Trump signs farm bill, directs USDA to expand work requirements on food stamps

Officials said with low unemployment, capable adults should have to get jobs.

President Donald Trump signed and celebrated the farm bill Thursday, while the administration also moved to force more people who enroll in food stamps to comply with work requirements, despite the fact that Republicans were unsuccessful in pushing the same measure through Congress.

Republicans have pushed for more work requirements for food stamp participants and for the U.S. Department of Agriculture to allow states to impose more requirements such as drug testing. But those requests were left out of the recently approved farm bill after Democrats refused to move forward with the changes and other GOP proposals.

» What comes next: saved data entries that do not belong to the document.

(* Let $n\ge 2$ and let $X$ be a $\mathcal D$-subspace of $\mathbb P=PG(\mathbb E,\mathbb{F}_q)=PG(n^2-1,q)$. Then there exist two Desarguesian $(n-1)$-spreads $\mathcal D_1(X)$ and $\mathcal D_2(X)$ of $\mathbb P$ such that: (D1) $X\in\mathcal D_i(X)$ and $\mathcal R_i\subset\mathcal D_i(X)$ for $i=1,2$; (D2) for $i=1,2$ there is a linear collineation $\Xi_i$ of $\mathbb P$ fixing $\mathcal D_i(X)$ which induces a semilinear collineation $\tilde\Xi_i$ of order $n$ of $\Pi_{n-1}(\mathcal D_i(X))\cong PG(n-1,q^n)$ whose set of fixed points is exactly $\mathcal R_i$, and $\mathcal R_i$ is a subgeometry of $\Pi_{n-1}(\mathcal D_i(X))$ isomorphic to $PG(n-1,q)$. Moreover there exists an involutory collineation $\Phi$ of $\mathbb P$ such that (D3) $\Phi$ fixes $X$ pointwise, and (D4) $\mathcal D_1(X)^\Phi=\mathcal D_2(X)$.
   Context: $\mathbb E=\mathrm{End}(\mathbb{F}_{q^n},\mathbb{F}_q)$; $\langle\varphi\rangle_q$ is the point of $\mathbb P$ defined by $\varphi\ne0$; $t_\lambda:x\mapsto\lambda x$. The Segre variety $\mathcal S_{n,n}$ is the set of points $\langle\varphi\rangle_q$ with $\varphi$ of rank 1; its maximal subspaces are $(n-1)$-dimensional and form two systems $\mathcal R_1,\mathcal R_2$, where $\mathcal R_1=\{\{\langle t_\alpha\circ\mathrm{Tr}\circ t_\lambda\rangle_q:\alpha\in\mathbb{F}_{q^n}^*\}:\lambda\in\mathbb{F}_{q^n}^*\}$ and $\mathcal R_2=\{\{\langle t_\lambda\circ\mathrm{Tr}\circ t_\alpha\rangle_q:\alpha\in\mathbb{F}_{q^n}^*\}:\lambda\in\mathbb{F}_{q^n}^*\}$, $\mathrm{Tr}$ the trace $\mathbb{F}_{q^n}\to\mathbb{F}_q$. $H(\mathcal S_{n,n})$ is the subgroup of $PGL(n^2,q)$ fixing each of $\mathcal R_1$ and $\mathcal R_2$. Let $\mathcal I=\{\langle t_\lambda\rangle_q:\lambda\in\mathbb{F}_{q^n}^*\}$, an $(n-1)$-dimensional subspace of $\mathbb P$; a $\mathcal D$-subspace of $\mathbb P$ is any subspace in the orbit of $\mathcal I$ under $H(\mathcal S_{n,n})$. An $(n-1)$-spread of $\mathbb P$ is a partition of its points into $(n-1)$-dimensional subspaces; it is Desarguesian if it arises as the set of subspaces $\{\langle\mathbf v\rangle_{q^n}\}$ viewed over $\mathbb F_q$ when the underlying $\mathbb F_q$-space is endowed with an $\mathbb F_{q^n}$-vector space structure. For a Desarguesian $(n-1)$-spread $\mathcal D$ of $\mathbb P$, $\Pi_{n-1}(\mathcal D)$ is the projective space $\cong PG(n-1,q^n)$ whose points are the elements of $\mathcal D$ and whose subspaces are the sets of spread elements contained in subspaces of $\mathbb P$ spanned by spread elements. A subgeometry isomorphic to $PG(n-1,q)$ of $PG(n-1,q^n)$ is the point set defined by an $\mathbb F_q$-subspace of dimension $n$ spanning the underlying $\mathbb F_{q^n}$-space. *)

theory Defs
  imports Main
begin

text \<open>Setting: the type 'a is the finite field F_{q^n} (CARD('a) = q^n), and
F_q is its subfield Kf q = {x. x^q = x}. The F_q-space E = End(F_{q^n},F_q)
is the set of F_q-linear maps 'a => 'a; points of P are the classes of
nonzero maps modulo nonzero F_q-scalars (represented as sets of maps).\<close>

definition Kf :: "nat \<Rightarrow> 'a::{finite,field} set" where
  "Kf q = {x. x ^ q = x}"

definition kscal :: "'a::field \<Rightarrow> ('a \<Rightarrow> 'a) \<Rightarrow> ('a \<Rightarrow> 'a)" where
  "kscal c \<phi> = (\<lambda>x. c * \<phi> x)"

definition fadd :: "('a::field \<Rightarrow> 'a) \<Rightarrow> ('a \<Rightarrow> 'a) \<Rightarrow> ('a \<Rightarrow> 'a)" where
  "fadd \<phi> \<psi> = (\<lambda>x. \<phi> x + \<psi> x)"

definition fzero :: "'a::field \<Rightarrow> 'a" where
  "fzero = (\<lambda>x. 0)"

definition Emaps :: "nat \<Rightarrow> ('a::{finite,field} \<Rightarrow> 'a) set" where
  "Emaps q = {\<phi>. (\<forall>x y. \<phi> (x + y) = \<phi> x + \<phi> y) \<and> (\<forall>c\<in>Kf q. \<forall>x. \<phi> (c * x) = c * \<phi> x)}"

definition pt :: "nat \<Rightarrow> ('a::{finite,field} \<Rightarrow> 'a) \<Rightarrow> ('a \<Rightarrow> 'a) set" where
  "pt q \<phi> = {kscal c \<phi> | c. c \<in> Kf q \<and> c \<noteq> 0}"

definition Points :: "nat \<Rightarrow> ('a::{finite,field} \<Rightarrow> 'a) set set" where
  "Points q = {pt q \<phi> | \<phi>. \<phi> \<in> Emaps q \<and> \<phi> \<noteq> fzero}"

definition Lines :: "nat \<Rightarrow> ('a::{finite,field} \<Rightarrow> 'a) set set set" where
  "Lines q = {{pt q (fadd (kscal a \<phi>) (kscal b \<psi>)) | a b. a \<in> Kf q \<and> b \<in> Kf q \<and> (a \<noteq> 0 \<or> b \<noteq> 0)}
      | \<phi> \<psi>. \<phi> \<in> Emaps q \<and> \<psi> \<in> Emaps q \<and> \<phi> \<noteq> fzero \<and> \<psi> \<noteq> fzero \<and> pt q \<phi> \<noteq> pt q \<psi>}"

definition tr :: "nat \<Rightarrow> nat \<Rightarrow> 'a::{finite,field} \<Rightarrow> 'a" where
  "tr q n x = (\<Sum>i<n. x ^ (q ^ i))"

definition Iset :: "nat \<Rightarrow> ('a::{finite,field} \<Rightarrow> 'a) set set" where
  "Iset q = {pt q (\<lambda>x. l * x) | l. l \<noteq> 0}"

definition R1 :: "nat \<Rightarrow> nat \<Rightarrow> ('a::{finite,field} \<Rightarrow> 'a) set set set" where
  "R1 q n = {{pt q (\<lambda>x. a * tr q n (l * x)) | a. a \<noteq> 0} | l. l \<noteq> 0}"

definition R2 :: "nat \<Rightarrow> nat \<Rightarrow> ('a::{finite,field} \<Rightarrow> 'a) set set set" where
  "R2 q n = {{pt q (\<lambda>x. l * tr q n (a * x)) | a. a \<noteq> 0} | l. l \<noteq> 0}"

text \<open>F_q-linear bijections of E (they induce the elements of PGL(n^2,q)).\<close>
definition klin_bij :: "nat \<Rightarrow> (('a::{finite,field} \<Rightarrow> 'a) \<Rightarrow> ('a \<Rightarrow> 'a)) \<Rightarrow> bool" where
  "klin_bij q f \<longleftrightarrow> bij_betw f (Emaps q) (Emaps q) \<and>
     (\<forall>\<phi>\<in>Emaps q. \<forall>\<psi>\<in>Emaps q. f (fadd \<phi> \<psi>) = fadd (f \<phi>) (f \<psi>)) \<and>
     (\<forall>c\<in>Kf q. \<forall>\<phi>\<in>Emaps q. f (kscal c \<phi>) = kscal c (f \<phi>))"

definition pimg :: "(('a \<Rightarrow> 'a) \<Rightarrow> ('a \<Rightarrow> 'a)) \<Rightarrow> ('a \<Rightarrow> 'a) set set \<Rightarrow> ('a \<Rightarrow> 'a) set set" where
  "pimg f S = (\<lambda>p. f ` p) ` S"

definition simg :: "(('a \<Rightarrow> 'a) \<Rightarrow> ('a \<Rightarrow> 'a)) \<Rightarrow> ('a \<Rightarrow> 'a) set set set \<Rightarrow> ('a \<Rightarrow> 'a) set set set" where
  "simg f D = pimg f ` D"

text \<open>Elements of H(S_{n,n}): linear collineations fixing R1 and R2.\<close>
definition H_Segre :: "nat \<Rightarrow> nat \<Rightarrow> (('a::{finite,field} \<Rightarrow> 'a) \<Rightarrow> ('a \<Rightarrow> 'a)) \<Rightarrow> bool" where
  "H_Segre q n f \<longleftrightarrow> klin_bij q f \<and> simg f (R1 q n) = R1 q n \<and> simg f (R2 q n) = R2 q n"

definition D_subspace :: "nat \<Rightarrow> nat \<Rightarrow> ('a::{finite,field} \<Rightarrow> 'a) set set \<Rightarrow> bool" where
  "D_subspace q n X \<longleftrightarrow> (\<exists>f. H_Segre q n f \<and> X = pimg f (Iset q))"

definition fstruct :: "nat \<Rightarrow> ('a::{finite,field} \<Rightarrow> ('a \<Rightarrow> 'a) \<Rightarrow> ('a \<Rightarrow> 'a)) \<Rightarrow> bool" where
  "fstruct q sm \<longleftrightarrow>
     (\<forall>a. \<forall>\<phi>\<in>Emaps q. sm a \<phi> \<in> Emaps q) \<and>
     (\<forall>a. \<forall>\<phi>\<in>Emaps q. \<forall>\<psi>\<in>Emaps q. sm a (fadd \<phi> \<psi>) = fadd (sm a \<phi>) (sm a \<psi>)) \<and>
     (\<forall>a b. \<forall>\<phi>\<in>Emaps q. sm (a + b) \<phi> = fadd (sm a \<phi>) (sm b \<phi>)) \<and>
     (\<forall>a b. \<forall>\<phi>\<in>Emaps q. sm (a * b) \<phi> = sm a (sm b \<phi>)) \<and>
     (\<forall>\<phi>\<in>Emaps q. sm 1 \<phi> = \<phi>) \<and>
     (\<forall>c\<in>Kf q. \<forall>\<phi>\<in>Emaps q. sm c \<phi> = kscal c \<phi>)"

text \<open>The spread element <phi>_{q^n}, viewed as a set of points of P.\<close>
definition Fpt :: "nat \<Rightarrow> ('a::{finite,field} \<Rightarrow> ('a \<Rightarrow> 'a) \<Rightarrow> ('a \<Rightarrow> 'a)) \<Rightarrow> ('a \<Rightarrow> 'a) \<Rightarrow> ('a \<Rightarrow> 'a) set set" where
  "Fpt q sm \<phi> = {pt q (sm l \<phi>) | l. l \<noteq> 0}"

definition spread_of :: "nat \<Rightarrow> ('a::{finite,field} \<Rightarrow> ('a \<Rightarrow> 'a) \<Rightarrow> ('a \<Rightarrow> 'a)) \<Rightarrow> ('a \<Rightarrow> 'a) set set set" where
  "spread_of q sm = {Fpt q sm \<phi> | \<phi>. \<phi> \<in> Emaps q \<and> \<phi> \<noteq> fzero}"

definition desarg_spread :: "nat \<Rightarrow> ('a::{finite,field} \<Rightarrow> 'a) set set set \<Rightarrow> bool" where
  "desarg_spread q D \<longleftrightarrow> (\<exists>sm. fstruct q sm \<and> D = spread_of q sm)"

fun lincomb :: "('s \<Rightarrow> ('a \<Rightarrow> 'a) \<Rightarrow> ('a \<Rightarrow> 'a)) \<Rightarrow> 's list \<Rightarrow> ('a::field \<Rightarrow> 'a) list \<Rightarrow> ('a \<Rightarrow> 'a)" where
  "lincomb sc (c # cs) (v # vs) = fadd (sc c v) (lincomb sc cs vs)"
| "lincomb sc _ _ = fzero"

definition Kspan :: "nat \<Rightarrow> ('a::{finite,field} \<Rightarrow> 'a) list \<Rightarrow> ('a \<Rightarrow> 'a) set" where
  "Kspan q ws = {lincomb kscal cs ws | cs. length cs = length ws \<and> set cs \<subseteq> Kf q}"

definition Kindep :: "nat \<Rightarrow> ('a::{finite,field} \<Rightarrow> 'a) list \<Rightarrow> bool" where
  "Kindep q ws \<longleftrightarrow> (\<forall>cs. length cs = length ws \<and> set cs \<subseteq> Kf q \<and> lincomb kscal cs ws = fzero
      \<longrightarrow> set cs \<subseteq> {0})"

definition Fspans :: "('a::{finite,field} \<Rightarrow> ('a \<Rightarrow> 'a) \<Rightarrow> ('a \<Rightarrow> 'a)) \<Rightarrow> ('a \<Rightarrow> 'a) set \<Rightarrow> ('a \<Rightarrow> 'a) set \<Rightarrow> bool" where
  "Fspans sm W E \<longleftrightarrow> (\<forall>\<phi>\<in>E. \<exists>cs vs. length cs = length vs \<and> set vs \<subseteq> W \<and> \<phi> = lincomb sm cs vs)"

text \<open>R is a subgeometry PG(n-1,q) of Pi_{n-1}(spread_of q sm): the point set defined
 by an n-dimensional F_q-subspace W of E (W = K-span of n K-independent vectors)
 that spans E over F_{q^n}.\<close>
definition subgeometry :: "nat \<Rightarrow> nat \<Rightarrow> ('a::{finite,field} \<Rightarrow> ('a \<Rightarrow> 'a) \<Rightarrow> ('a \<Rightarrow> 'a)) \<Rightarrow> ('a \<Rightarrow> 'a) set set set \<Rightarrow> bool" where
  "subgeometry q n sm R \<longleftrightarrow> (\<exists>ws. length ws = n \<and> set ws \<subseteq> Emaps q \<and> Kindep q ws \<and>
      Fspans sm (Kspan q ws) (Emaps q) \<and>
      R = {Fpt q sm w | w. w \<in> Kspan q ws \<and> w \<noteq> fzero})"

definition field_aut :: "('a::field \<Rightarrow> 'a) \<Rightarrow> bool" where
  "field_aut \<sigma> \<longleftrightarrow> bij \<sigma> \<and> (\<forall>a b. \<sigma> (a + b) = \<sigma> a + \<sigma> b) \<and> (\<forall>a b. \<sigma> (a * b) = \<sigma> a * \<sigma> b)"

text \<open>The collineation of Pi_{n-1}(spread_of q sm) induced by f is semilinear:
 it is induced by a sigma-semilinear bijection g of the F_{q^n}-space E.\<close>
definition induced_semilinear :: "nat \<Rightarrow> ('a::{finite,field} \<Rightarrow> ('a \<Rightarrow> 'a) \<Rightarrow> ('a \<Rightarrow> 'a)) \<Rightarrow> (('a \<Rightarrow> 'a) \<Rightarrow> ('a \<Rightarrow> 'a)) \<Rightarrow> bool" where
  "induced_semilinear q sm f \<longleftrightarrow> (\<exists>\<sigma> g. field_aut \<sigma> \<and> bij_betw g (Emaps q) (Emaps q) \<and>
      (\<forall>\<phi>\<in>Emaps q. \<forall>\<psi>\<in>Emaps q. g (fadd \<phi> \<psi>) = fadd (g \<phi>) (g \<psi>)) \<and>
      (\<forall>l. \<forall>\<phi>\<in>Emaps q. g (sm l \<phi>) = sm (\<sigma> l) (g \<phi>)) \<and>
      (\<forall>\<phi>\<in>Emaps q. \<phi> \<noteq> fzero \<longrightarrow> pimg f (Fpt q sm \<phi>) = Fpt q sm (g \<phi>)))"

definition cond_D2 :: "nat \<Rightarrow> nat \<Rightarrow> ('a::{finite,field} \<Rightarrow> 'a) set set set \<Rightarrow> ('a \<Rightarrow> 'a) set set set \<Rightarrow> bool" where
  "cond_D2 q n D R \<longleftrightarrow> (\<exists>sm. fstruct q sm \<and> D = spread_of q sm \<and>
      (\<exists>f. klin_bij q f \<and> simg f D = D \<and> induced_semilinear q sm f \<and>
           (\<forall>S\<in>D. (pimg f ^^ n) S = S) \<and>
           (\<forall>k. 0 < k \<and> k < n \<longrightarrow> (\<exists>S\<in>D. (pimg f ^^ k) S \<noteq> S)) \<and>
           {S \<in> D. pimg f S = S} = R) \<and>
      subgeometry q n sm R)"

After months of negotiations the 2018 farm bill does not include changes to the Supplemental Nutrition Assistance Program that House Republicans wanted. But he did direct the USDA to pursue some of those changes through a rule, saying with this "thriving economy" people should have to go back to work.

"Under this new rule able-bodied adults without dependents will have to work or look for work in order to receive their food stamps. Today's action will help Americans transition from welfare to gainful employment, strengthening families and uplifting communities. And that was a difficult thing to get done," Trump said during the event in Washington.

Agriculture Secretary Sonny Perdue told reporters Wednesday that Trump might not have supported the massive farm bill without a separate food stamp reform rule.

The bipartisan bill Trump signed Thursday provides billions of dollars in assistance for farmers, research projects and mental health programs in addition to re-authorizing nutrition assistance programs and legalizing industrial hemp.

"These actions will save hardworking taxpayers $15 billion over 10 years and give President Trump comfort enough to support a farm bill he might otherwise have opposed," he told reporters Wednesday night, citing the USDA estimate of how much money the program will save from people no longer eligible for the program.

Under current SNAP rules, able-bodied adults with no dependents enrolled in food stamps are required to work, participate in work training or enroll in an education program for at least 80 hours a month to receive benefits. Those who don't meet that requirement are only eligible for three months of benefits in a three-year period.

The Trump administration said the waivers are meant to be temporary relief during tough times, but that with lower unemployment nationwide, more people should be required to work to receive food stamps.

"The bottom line is this," Perdue said. "In 2016 there were 3.8 million individual [able-bodies adults without dependents] on the SNAP rolls with 2.8 million or almost 75 percent of them not working. This is unacceptable to most Americans and belies common sense particularly when employment opportunities are plentiful as they currently are."

Even though Democrats and some Republicans ultimately blocked similar changes to food stamps in the farm bill, the USDA can make some of the changes through the rule-making process. The current law says states qualify for waivers if unemployment is above 10 percent or with a "lack of sufficient jobs," usually relative to the national unemployment rate.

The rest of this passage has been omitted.